**Task directions**
Could you say how many lines below contain the word "parity"? Give the number with no other text.

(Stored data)

..........

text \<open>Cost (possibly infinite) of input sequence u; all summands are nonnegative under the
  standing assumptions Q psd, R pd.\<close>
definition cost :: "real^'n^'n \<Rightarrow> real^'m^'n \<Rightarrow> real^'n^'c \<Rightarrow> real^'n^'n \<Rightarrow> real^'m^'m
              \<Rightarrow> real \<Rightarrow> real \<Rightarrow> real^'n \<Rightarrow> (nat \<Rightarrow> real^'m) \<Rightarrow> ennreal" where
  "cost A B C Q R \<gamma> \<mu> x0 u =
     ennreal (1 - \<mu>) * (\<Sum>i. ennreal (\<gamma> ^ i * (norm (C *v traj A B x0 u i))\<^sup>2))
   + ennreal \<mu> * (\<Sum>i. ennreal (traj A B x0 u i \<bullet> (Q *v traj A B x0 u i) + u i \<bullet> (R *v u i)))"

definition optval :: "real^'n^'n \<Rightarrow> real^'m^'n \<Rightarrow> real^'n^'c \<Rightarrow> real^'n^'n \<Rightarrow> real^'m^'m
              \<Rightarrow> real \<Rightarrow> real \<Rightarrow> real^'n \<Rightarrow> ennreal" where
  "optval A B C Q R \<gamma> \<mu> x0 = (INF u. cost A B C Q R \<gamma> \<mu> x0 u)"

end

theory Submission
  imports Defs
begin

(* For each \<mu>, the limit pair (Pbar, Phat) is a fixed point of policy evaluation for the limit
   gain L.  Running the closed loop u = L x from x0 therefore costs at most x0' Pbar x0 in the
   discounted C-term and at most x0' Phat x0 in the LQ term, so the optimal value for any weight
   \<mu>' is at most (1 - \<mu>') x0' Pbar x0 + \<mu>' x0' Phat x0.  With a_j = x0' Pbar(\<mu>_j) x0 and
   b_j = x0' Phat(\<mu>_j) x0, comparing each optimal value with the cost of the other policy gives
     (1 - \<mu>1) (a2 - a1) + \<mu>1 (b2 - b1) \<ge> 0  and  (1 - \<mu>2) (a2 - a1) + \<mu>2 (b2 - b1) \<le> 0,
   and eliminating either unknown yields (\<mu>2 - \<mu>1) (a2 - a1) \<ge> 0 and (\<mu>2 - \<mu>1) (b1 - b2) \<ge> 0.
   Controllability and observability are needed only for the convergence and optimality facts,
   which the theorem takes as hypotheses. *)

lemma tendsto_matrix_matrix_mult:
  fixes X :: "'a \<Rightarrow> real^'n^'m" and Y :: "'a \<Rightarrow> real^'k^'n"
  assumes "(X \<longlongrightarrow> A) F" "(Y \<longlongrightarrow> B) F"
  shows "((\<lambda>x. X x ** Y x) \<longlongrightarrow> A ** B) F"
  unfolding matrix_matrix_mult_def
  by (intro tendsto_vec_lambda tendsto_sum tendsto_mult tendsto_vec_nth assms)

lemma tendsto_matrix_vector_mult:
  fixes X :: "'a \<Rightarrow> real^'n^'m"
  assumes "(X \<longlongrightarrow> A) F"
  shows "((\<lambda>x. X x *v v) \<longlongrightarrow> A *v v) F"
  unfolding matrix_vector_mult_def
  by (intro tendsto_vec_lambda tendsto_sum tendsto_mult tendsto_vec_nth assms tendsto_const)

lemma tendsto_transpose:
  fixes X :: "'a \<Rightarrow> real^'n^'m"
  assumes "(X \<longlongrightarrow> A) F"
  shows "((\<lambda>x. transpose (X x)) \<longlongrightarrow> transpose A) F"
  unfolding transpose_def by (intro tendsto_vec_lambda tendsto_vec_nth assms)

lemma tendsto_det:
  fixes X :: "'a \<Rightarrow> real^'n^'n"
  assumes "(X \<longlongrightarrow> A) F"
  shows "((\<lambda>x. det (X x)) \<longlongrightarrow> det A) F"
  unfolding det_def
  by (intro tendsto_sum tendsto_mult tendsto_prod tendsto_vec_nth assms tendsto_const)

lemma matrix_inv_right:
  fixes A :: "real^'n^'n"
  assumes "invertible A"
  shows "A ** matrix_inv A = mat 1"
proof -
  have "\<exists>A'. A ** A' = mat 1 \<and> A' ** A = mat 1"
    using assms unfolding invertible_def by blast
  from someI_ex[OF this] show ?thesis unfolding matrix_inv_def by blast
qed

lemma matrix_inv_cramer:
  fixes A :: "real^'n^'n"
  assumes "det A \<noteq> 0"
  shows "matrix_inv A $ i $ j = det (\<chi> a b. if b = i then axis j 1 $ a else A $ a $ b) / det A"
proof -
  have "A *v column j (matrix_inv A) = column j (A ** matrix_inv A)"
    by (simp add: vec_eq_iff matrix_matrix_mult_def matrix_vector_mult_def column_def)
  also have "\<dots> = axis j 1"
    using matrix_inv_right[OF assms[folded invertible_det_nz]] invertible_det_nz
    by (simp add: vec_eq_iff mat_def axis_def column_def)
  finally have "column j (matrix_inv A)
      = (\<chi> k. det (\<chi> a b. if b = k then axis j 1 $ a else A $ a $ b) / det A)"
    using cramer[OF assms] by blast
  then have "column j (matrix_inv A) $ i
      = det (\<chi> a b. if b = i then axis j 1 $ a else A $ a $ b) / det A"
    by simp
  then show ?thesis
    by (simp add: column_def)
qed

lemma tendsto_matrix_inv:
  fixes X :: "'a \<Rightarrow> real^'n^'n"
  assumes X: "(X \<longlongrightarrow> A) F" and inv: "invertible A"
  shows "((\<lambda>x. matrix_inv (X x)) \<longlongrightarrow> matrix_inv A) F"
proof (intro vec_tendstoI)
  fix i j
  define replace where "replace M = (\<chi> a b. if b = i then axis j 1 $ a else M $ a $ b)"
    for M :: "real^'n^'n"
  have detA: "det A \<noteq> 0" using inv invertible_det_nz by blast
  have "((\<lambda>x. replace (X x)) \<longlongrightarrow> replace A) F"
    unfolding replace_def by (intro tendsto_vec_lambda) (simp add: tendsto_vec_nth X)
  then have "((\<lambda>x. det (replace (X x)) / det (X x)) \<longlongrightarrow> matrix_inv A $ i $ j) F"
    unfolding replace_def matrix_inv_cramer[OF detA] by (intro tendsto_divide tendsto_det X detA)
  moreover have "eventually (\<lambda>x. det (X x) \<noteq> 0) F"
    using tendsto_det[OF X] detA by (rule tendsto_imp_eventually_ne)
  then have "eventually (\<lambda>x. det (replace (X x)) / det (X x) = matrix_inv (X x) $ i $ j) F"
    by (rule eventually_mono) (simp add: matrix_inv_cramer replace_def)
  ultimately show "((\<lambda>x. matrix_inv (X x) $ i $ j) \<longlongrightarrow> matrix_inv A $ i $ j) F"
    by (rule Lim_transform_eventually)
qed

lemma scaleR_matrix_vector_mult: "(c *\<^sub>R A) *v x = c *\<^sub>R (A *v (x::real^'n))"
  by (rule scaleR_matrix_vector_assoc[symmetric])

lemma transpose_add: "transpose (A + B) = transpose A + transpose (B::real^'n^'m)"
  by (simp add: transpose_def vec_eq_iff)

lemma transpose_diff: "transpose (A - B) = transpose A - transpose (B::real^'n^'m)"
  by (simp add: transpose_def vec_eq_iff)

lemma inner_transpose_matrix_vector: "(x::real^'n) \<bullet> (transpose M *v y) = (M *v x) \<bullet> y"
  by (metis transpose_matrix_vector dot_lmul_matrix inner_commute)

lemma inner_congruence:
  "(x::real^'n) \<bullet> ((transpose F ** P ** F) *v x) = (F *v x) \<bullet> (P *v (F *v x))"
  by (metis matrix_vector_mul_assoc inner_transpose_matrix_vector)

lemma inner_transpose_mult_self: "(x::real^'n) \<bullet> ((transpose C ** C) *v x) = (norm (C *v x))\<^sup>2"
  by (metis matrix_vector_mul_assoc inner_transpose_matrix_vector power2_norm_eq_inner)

..........

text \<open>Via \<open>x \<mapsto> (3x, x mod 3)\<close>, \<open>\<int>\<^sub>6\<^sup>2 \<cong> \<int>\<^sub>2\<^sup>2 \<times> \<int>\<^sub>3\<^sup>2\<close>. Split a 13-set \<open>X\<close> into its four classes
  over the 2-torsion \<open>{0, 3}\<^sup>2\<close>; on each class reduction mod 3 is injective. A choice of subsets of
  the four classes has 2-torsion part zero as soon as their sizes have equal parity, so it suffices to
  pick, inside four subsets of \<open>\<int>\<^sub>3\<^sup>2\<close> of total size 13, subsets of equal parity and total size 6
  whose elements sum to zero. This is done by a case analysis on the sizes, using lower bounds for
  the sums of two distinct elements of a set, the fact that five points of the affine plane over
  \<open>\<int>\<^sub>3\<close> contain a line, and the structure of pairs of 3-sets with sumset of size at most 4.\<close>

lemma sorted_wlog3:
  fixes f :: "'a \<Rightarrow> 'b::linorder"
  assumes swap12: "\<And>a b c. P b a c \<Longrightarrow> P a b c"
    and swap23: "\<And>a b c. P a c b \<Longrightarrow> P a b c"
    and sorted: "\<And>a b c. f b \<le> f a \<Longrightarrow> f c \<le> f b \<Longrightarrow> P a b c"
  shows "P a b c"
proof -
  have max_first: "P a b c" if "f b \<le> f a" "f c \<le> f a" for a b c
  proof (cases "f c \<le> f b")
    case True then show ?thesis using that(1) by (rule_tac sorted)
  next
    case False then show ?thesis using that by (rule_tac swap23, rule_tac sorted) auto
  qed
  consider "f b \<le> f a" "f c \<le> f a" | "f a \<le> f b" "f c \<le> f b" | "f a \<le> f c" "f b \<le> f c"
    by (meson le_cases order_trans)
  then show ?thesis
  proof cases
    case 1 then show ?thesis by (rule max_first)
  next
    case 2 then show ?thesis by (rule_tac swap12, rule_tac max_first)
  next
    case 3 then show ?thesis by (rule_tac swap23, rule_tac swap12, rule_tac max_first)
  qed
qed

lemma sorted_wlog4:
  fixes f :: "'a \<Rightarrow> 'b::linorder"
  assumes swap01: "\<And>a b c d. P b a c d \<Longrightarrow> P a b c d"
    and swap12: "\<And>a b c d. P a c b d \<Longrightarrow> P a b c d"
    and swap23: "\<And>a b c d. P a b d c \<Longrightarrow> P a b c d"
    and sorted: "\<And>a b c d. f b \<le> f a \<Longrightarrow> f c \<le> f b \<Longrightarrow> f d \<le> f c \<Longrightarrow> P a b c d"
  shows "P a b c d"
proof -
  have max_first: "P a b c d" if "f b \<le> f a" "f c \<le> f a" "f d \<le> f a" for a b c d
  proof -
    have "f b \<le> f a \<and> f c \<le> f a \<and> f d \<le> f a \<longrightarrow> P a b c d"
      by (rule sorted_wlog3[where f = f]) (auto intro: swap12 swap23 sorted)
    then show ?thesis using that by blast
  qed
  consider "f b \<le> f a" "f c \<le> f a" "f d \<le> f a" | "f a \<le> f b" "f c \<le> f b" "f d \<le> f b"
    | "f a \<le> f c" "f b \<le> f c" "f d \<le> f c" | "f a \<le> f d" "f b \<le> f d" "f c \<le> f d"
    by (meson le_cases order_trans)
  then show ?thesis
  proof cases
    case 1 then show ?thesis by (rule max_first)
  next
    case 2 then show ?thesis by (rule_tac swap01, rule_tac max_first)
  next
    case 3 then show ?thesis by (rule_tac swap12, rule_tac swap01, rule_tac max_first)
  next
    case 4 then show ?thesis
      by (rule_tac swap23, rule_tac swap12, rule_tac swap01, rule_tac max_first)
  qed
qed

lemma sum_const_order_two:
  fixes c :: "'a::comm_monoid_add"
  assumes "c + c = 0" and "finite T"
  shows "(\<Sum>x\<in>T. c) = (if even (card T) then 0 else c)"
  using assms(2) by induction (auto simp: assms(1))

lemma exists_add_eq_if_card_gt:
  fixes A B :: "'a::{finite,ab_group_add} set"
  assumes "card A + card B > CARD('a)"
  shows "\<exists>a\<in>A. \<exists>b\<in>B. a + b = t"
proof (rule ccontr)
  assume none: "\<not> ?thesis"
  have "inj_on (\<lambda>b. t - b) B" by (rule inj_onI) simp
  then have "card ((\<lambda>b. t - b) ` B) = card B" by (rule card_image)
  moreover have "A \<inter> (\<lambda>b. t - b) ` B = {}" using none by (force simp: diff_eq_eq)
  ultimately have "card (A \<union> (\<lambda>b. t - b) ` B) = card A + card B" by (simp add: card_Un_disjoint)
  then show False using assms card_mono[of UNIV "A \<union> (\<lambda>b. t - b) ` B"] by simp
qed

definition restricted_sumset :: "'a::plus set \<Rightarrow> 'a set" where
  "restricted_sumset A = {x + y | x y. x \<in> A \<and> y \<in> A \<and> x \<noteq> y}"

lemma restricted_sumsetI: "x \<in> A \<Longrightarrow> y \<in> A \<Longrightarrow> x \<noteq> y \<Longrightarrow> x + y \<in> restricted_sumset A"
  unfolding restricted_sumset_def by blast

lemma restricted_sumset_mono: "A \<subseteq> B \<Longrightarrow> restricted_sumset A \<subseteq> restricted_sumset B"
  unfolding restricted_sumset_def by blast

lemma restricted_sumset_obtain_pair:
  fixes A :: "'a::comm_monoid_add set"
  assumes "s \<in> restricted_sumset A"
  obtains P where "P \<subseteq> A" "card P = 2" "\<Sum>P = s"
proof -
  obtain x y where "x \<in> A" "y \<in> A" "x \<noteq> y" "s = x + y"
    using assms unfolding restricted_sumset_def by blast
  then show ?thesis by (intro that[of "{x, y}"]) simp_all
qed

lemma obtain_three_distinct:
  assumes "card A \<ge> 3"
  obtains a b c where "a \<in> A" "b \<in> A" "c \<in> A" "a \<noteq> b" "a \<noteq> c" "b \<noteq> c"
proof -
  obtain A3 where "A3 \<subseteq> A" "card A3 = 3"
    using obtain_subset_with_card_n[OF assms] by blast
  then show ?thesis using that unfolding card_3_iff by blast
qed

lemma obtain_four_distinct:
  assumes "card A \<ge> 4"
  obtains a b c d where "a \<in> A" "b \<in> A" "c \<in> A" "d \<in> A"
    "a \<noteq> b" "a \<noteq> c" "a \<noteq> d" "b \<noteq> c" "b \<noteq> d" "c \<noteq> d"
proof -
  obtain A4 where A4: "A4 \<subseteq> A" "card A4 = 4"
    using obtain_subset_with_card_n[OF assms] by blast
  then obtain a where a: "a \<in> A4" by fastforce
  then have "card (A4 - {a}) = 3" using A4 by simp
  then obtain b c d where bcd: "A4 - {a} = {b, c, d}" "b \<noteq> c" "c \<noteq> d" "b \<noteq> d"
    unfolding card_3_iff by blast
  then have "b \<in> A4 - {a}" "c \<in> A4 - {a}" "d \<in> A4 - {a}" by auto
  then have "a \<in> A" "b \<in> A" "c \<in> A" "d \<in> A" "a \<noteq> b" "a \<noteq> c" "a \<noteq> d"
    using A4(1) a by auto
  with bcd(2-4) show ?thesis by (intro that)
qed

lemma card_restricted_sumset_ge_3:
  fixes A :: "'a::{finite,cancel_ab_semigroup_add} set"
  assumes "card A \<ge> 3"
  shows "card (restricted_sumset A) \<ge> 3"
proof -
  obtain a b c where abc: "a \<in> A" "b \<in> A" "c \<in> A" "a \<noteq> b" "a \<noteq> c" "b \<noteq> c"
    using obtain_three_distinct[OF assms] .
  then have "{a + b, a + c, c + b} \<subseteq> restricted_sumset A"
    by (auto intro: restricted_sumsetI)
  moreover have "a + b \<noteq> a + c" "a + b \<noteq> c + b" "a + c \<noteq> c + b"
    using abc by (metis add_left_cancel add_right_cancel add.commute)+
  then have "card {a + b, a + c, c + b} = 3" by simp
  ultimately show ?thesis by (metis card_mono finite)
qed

..........

**Your response**
2